# Prompt
Below are the records; copy each line in which "auto" can be found.

───── Material provided ─────

lemma omega_power_eq_iff:
  assumes "h \<ge> 1" shows "omega h ^ a = omega h ^ b \<longleftrightarrow> a mod h = b mod h"
proof
  have mod_eq: "a mod h = b mod h" if "b \<le> a" "omega h ^ a = omega h ^ b" for a b
  proof -
    have "omega h ^ b * omega h ^ (a - b) = omega h ^ b * 1"
      using that by (simp flip: power_add)
    hence "h dvd a - b"
      using assms omega_nonzero dvd_if_omega_power_eq_1 by (metis mult_left_cancel power_not_zero)
    thus ?thesis using \<open>b \<le> a\<close> by (simp add: mod_eq_dvd_iff_nat)
  qed
  show "omega h ^ a = omega h ^ b \<Longrightarrow> a mod h = b mod h"
    using mod_eq[of a b] mod_eq[of b a] by (cases "b \<le> a") auto
  show "a mod h = b mod h \<Longrightarrow> omega h ^ a = omega h ^ b"
    by (metis assms omega_power_mod)
qed

lemma omega_power_alpha:
  assumes "h \<ge> 1" shows "omega h ^ alpha h (int i) (int j) * omega h ^ j = omega h ^ i"
proof -
  have "int ((alpha h (int i) (int j) + j) mod h) = ((int i - int j) mod int h + int j) mod int h"
    using assms by (simp add: alpha_def zmod_int)
  also have "\<dots> = int (i mod h)"
    by (simp add: mod_add_left_eq zmod_int)
  finally have "(alpha h (int i) (int j) + j) mod h = i mod h"
    by (simp only: of_nat_eq_iff)
  thus ?thesis
    using assms by (simp add: omega_power_eq_iff flip: power_add)
qed

lemma block_of_mem:
  assumes P: "is_partition n h V" and m: "m < n"
  shows "block_of h V m \<in> {1..h}" and "m \<in> V (block_of h V m)"
proof -
  have "m \<in> (\<Union>i\<in>{1..h}. V i)"
    using P m unfolding is_partition_def by simp
  then obtain i where i: "i \<in> {1..h}" "m \<in> V i"
    by blast
  have disjoint: "\<And>i j. i \<in> {1..h} \<Longrightarrow> j \<in> {1..h} \<Longrightarrow> i \<noteq> j \<Longrightarrow> V i \<inter> V j = {}"
    using P unfolding is_partition_def by blast
  have "\<exists>!i. i \<in> {1..h} \<and> m \<in> V i"
    using i disjoint by blast
  from theI'[OF this] show "block_of h V m \<in> {1..h}" "m \<in> V (block_of h V m)"
    unfolding block_of_def by auto
qed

─────

# Task response
    using mod_eq[of a b] mod_eq[of b a] by (cases "b \<le> a") auto
    unfolding block_of_def by auto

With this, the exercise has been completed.